И еще раз попытался Гусев — правда, весьма туманно — излить душу молоденькому лепщику Марату Буянову, пареньку вроде бы интеллигентному и понятливому.

— Ах, Сан Сергеич, — сказал Марат. — Самолюбивый человек дорожит мнением окружающих и судит о себе по этому мнению. А истинно гордый человек знает себе цену и не реагирует на мнение толпы.

— Меня не толпа волнует, — обиделся Гусев. — А вполне конкретные официальные лица.

— И на их мнение тоже плюйте.

— Проплюешься!

— Ничего. Страдать за свои убеждения даже приятно. Будьте гордым, верьте только в себя. А кстати, Сан Сергеич, почему мне за порезочку на карнизе так мало выписали? Накиньте сотенку!

Больше Гусев таких разговоров не заводил. Еще, не дай бог, поймут превратно, поползут слухи, кое-кто начнет косо поглядывать. Оправдываться всегда нелегко, а в его положении, когда убежден, что не годишься для дела, — тем паче. Уж лучше помалкивать, авось пронесет. В сущности, этот ремонт Дома культуры — исключительный случай, скоро закончим, и все неприятности исчезнут сами собой.

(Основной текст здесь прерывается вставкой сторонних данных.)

(* Let $\Bbbk$ be a field of characteristic $0$, $B=\bigoplus_{s=1}^N\Bbbk e_s$ ($N\ge2$), and let $(A,\{\!\{-,-\}\!\},\Phi)$ be a quasi-Hamiltonian algebra over $B$ with $\Phi=\sum_s\Phi_s$, $\Phi_s\in e_sAe_s$. Let $A^f$ be the fusion algebra obtained by fusing $e_2$ onto $e_1$ with double bracket $\{\!\{-,-\}\!\}^f=\{\!\{-,-\}\!\}_{ind}+\{\!\{-,-\}\!\}_{fus}$, and set $\operatorname{Tr}(\Phi_s)=\epsilon\Phi_s\epsilon$ for $s\ne2$, $\operatorname{Tr}(\Phi_2)=e_{12}\Phi_2e_{21}$. Then for every $s\ne1,2$ and every $a\in A^f$, $$\{\!\{\operatorname{Tr}(\Phi_s),a\}\!\}^f=\tfrac12\big(ae_s\otimes\operatorname{Tr}(\Phi_s)+a\operatorname{Tr}(\Phi_s)\otimes e_s-e_s\otimes\operatorname{Tr}(\Phi_s)a-\operatorname{Tr}(\Phi_s)\otimes e_sa\big),$$ and, setting $\Phi^f_1=\operatorname{Tr}(\Phi_1)\operatorname{Tr}(\Phi_2)$, for every $a\in A^f$, $$\{\!\{\Phi^f_1,a\}\!\}^f=\tfrac12\big(ae_1\otimes\Phi^f_1+a\Phi^f_1\otimes e_1-e_1\otimes\Phi^f_1a-\Phi^f_1\otimes e_1a\big).$$
   Context: Conventions: $\otimes=\otimes_\Bbbk$; Sweedler notation $d=d'\otimes d''$; outer bimodule structure $b(a_1\otimes a_2)c=ba_1\otimes a_2c$. A $B$-linear double bracket is a $\Bbbk$-bilinear map $A\times A\to A\otimes A$ vanishing when an argument lies in $B$, with $\{\!\{a,b\}\!\}=-\{\!\{b,a\}\!\}''\otimes\{\!\{b,a\}\!\}'$ and $\{\!\{a,bc\}\!\}=\{\!\{a,b\}\!\}c+b\{\!\{a,c\}\!\}$. With $\tau(a_1\otimes a_2\otimes a_3)=a_3\otimes a_1\otimes a_2$, its triple bracket is $\{\!\{a,b,c\}\!\}=\{\!\{a,\{\!\{b,c\}\!\}'\}\!\}\otimes\{\!\{b,c\}\!\}''+\tau\{\!\{b,\{\!\{c,a\}\!\}'\}\!\}\otimes\{\!\{c,a\}\!\}''+\tau^2\{\!\{c,\{\!\{a,b\}\!\}'\}\!\}\otimes\{\!\{a,b\}\!\}''$; it is quasi-Poisson if $\{\!\{a,b,c\}\!\}=\frac14\sum_s(ce_sa\otimes e_sb\otimes e_s-ce_sa\otimes e_s\otimes be_s-ce_s\otimes ae_sb\otimes e_s+ce_s\otimes ae_s\otimes be_s-e_sa\otimes e_sb\otimes e_sc+e_sa\otimes e_s\otimes be_sc+e_s\otimes ae_sb\otimes e_sc-e_s\otimes ae_s\otimes be_sc)$. Quasi-Hamiltonian: quasi-Poisson with invertible $\Phi=\sum_s\Phi_s$, $\Phi_s\in e_sAe_s$, and $\{\!\{\Phi_s,a\}\!\}=\frac12(ae_s\otimes\Phi_s-e_s\otimes\Phi_sa+a\Phi_s\otimes e_s-\Phi_s\otimes e_sa)$ for all $a,s$. Fusion: $\mu=1-e_1-e_2$; $\mathrm{Mat}_2(\Bbbk)$ with matrix units $e_{11}=e_1,e_{12},e_{21},e_{22}=e_2$; $\bar A=A*_{\Bbbk e_1\oplus\Bbbk e_2\oplus\Bbbk\mu}(\mathrm{Mat}_2(\Bbbk)\oplus\Bbbk\mu)$; $\epsilon=1-e_2$; $A^f=\epsilon\bar A\epsilon$. Generators of $A^f$: $t\in\epsilon A\epsilon$, $e_{12}u$ ($u\in e_2A\epsilon$), $ve_{21}$ ($v\in\epsilon Ae_2$), $e_{12}we_{21}$ ($w\in e_2Ae_2$), written $e_+\alpha e_-$. $\{\!\{e_+\alpha e_-,f_+\beta f_-\}\!\}_{ind}=f_+\{\!\{\alpha,\beta\}\!\}'e_-\otimes e_+\{\!\{\alpha,\beta\}\!\}''f_-$. $\operatorname{Tr}(E_1),\operatorname{Tr}(E_2)$ are the derivations $A^f\to A^f\otimes A^f$ with $\operatorname{Tr}(E_1)(t)=te_1\otimes e_1-e_1\otimes e_1t$, $\operatorname{Tr}(E_2)(t)=0$; $\operatorname{Tr}(E_1)(e_{12}u)=e_{12}ue_1\otimes e_1$, $\operatorname{Tr}(E_2)(e_{12}u)=-e_1\otimes e_{12}u$; $\operatorname{Tr}(E_1)(ve_{21})=-e_1\otimes e_1ve_{21}$, $\operatorname{Tr}(E_2)(ve_{21})=ve_{21}\otimes e_1$; $\operatorname{Tr}(E_1)(e_{12}we_{21})=0$, $\operatorname{Tr}(E_2)(e_{12}we_{21})=e_{12}we_{21}e_1\otimes e_1-e_1\otimes e_1e_{12}we_{21}$; and $\{\!\{a,b\}\!\}_{fus}=-\frac12\operatorname{Tr}(E_2)(b)'\operatorname{Tr}(E_1)(a)''\otimes\operatorname{Tr}(E_1)(a)'\operatorname{Tr}(E_2)(b)''+\frac12\operatorname{Tr}(E_1)(b)'\operatorname{Tr}(E_2)(a)''\otimes\operatorname{Tr}(E_2)(a)'\operatorname{Tr}(E_1)(b)''$. *)

theory Defs
  imports Main
begin

definition kalg :: "('k::field \<Rightarrow> 'a::ring_1 \<Rightarrow> 'a) \<Rightarrow> bool" where
  "kalg sm \<longleftrightarrow> (\<forall>c x y. sm c (x + y) = sm c x + sm c y) \<and> (\<forall>c d x. sm (c + d) x = sm c x + sm d x)
     \<and> (\<forall>c d x. sm (c * d) x = sm c (sm d x)) \<and> (\<forall>x. sm 1 x = x)
     \<and> (\<forall>c x y. sm c (x * y) = sm c x * y) \<and> (\<forall>c x y. sm c (x * y) = x * sm c y)"

definition bilin_form :: "('k::field \<Rightarrow> 'a::ring_1 \<Rightarrow> 'a) \<Rightarrow> ('a \<Rightarrow> 'a \<Rightarrow> 'k) \<Rightarrow> bool" where
  "bilin_form sm \<phi> \<longleftrightarrow> (\<forall>x x' y. \<phi> (x + x') y = \<phi> x y + \<phi> x' y) \<and> (\<forall>x y y'. \<phi> x (y + y') = \<phi> x y + \<phi> x y')
     \<and> (\<forall>c x y. \<phi> (sm c x) y = c * \<phi> x y) \<and> (\<forall>c x y. \<phi> x (sm c y) = c * \<phi> x y)"

definition trilin_form :: "('k::field \<Rightarrow> 'a::ring_1 \<Rightarrow> 'a) \<Rightarrow> ('a \<Rightarrow> 'a \<Rightarrow> 'a \<Rightarrow> 'k) \<Rightarrow> bool" where
  "trilin_form sm \<phi> \<longleftrightarrow>
       (\<forall>x x' y z. \<phi> (x + x') y z = \<phi> x y z + \<phi> x' y z)
     \<and> (\<forall>x y y' z. \<phi> x (y + y') z = \<phi> x y z + \<phi> x y' z)
     \<and> (\<forall>x y z z'. \<phi> x y (z + z') = \<phi> x y z + \<phi> x y z')
     \<and> (\<forall>c x y z. \<phi> (sm c x) y z = c * \<phi> x y z) \<and> (\<forall>c x y z. \<phi> x (sm c y) z = c * \<phi> x y z)
     \<and> (\<forall>c x y z. \<phi> x y (sm c z) = c * \<phi> x y z)"

text \<open>An element of A \<otimes> A is represented by a finite list [(x_i,y_i)] meaning \<Sum> x_i \<otimes> y_i.
  Two such lists denote the same tensor iff every bilinear form A \<times> A \<rightarrow> k takes the same
  value on them (over a field the bilinear forms separate the points of A \<otimes> A).\<close>
definition tens_eq :: "('k::field \<Rightarrow> 'a::ring_1 \<Rightarrow> 'a) \<Rightarrow> ('a \<times> 'a) list \<Rightarrow> ('a \<times> 'a) list \<Rightarrow> bool" where
  "tens_eq sm xs ys \<longleftrightarrow> (\<forall>\<phi>. bilin_form sm \<phi> \<longrightarrow>
      (\<Sum>(x, y)\<leftarrow>xs. \<phi> x y) = (\<Sum>(x, y)\<leftarrow>ys. \<phi> x y))"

А позднее Гусев даже втайне хвалил себя за молчание: вещи, не подлежавшие огласке, к его удивлению, продолжали множиться. Расчищая потолок, мальчишки не выполняли норм, хоть и торопились вовсю, — Гусев снова приписал в нарядах. Однажды обнаружилось, что стена под потолком пьяная, штукатурка лежит на ней волнами. Опять пришлось мудрить, ибо спохватились поздно, исправлять штукатурку было некогда. Чтобы выйти из положения, Гусев незаметно всучил архитектору старые модели вместо новых, — удалось сэкономить время и кой-какие материалишки. Доводилось и еще колдовать — «химичить», по выражению Марата Буянова, но завершилось бы все тихо-мирно, если бы не это происшествие с розетками. Поднимется шумиха, станут раскапывать, доискиваться, проверять… Думать не хочется, что за этим последует.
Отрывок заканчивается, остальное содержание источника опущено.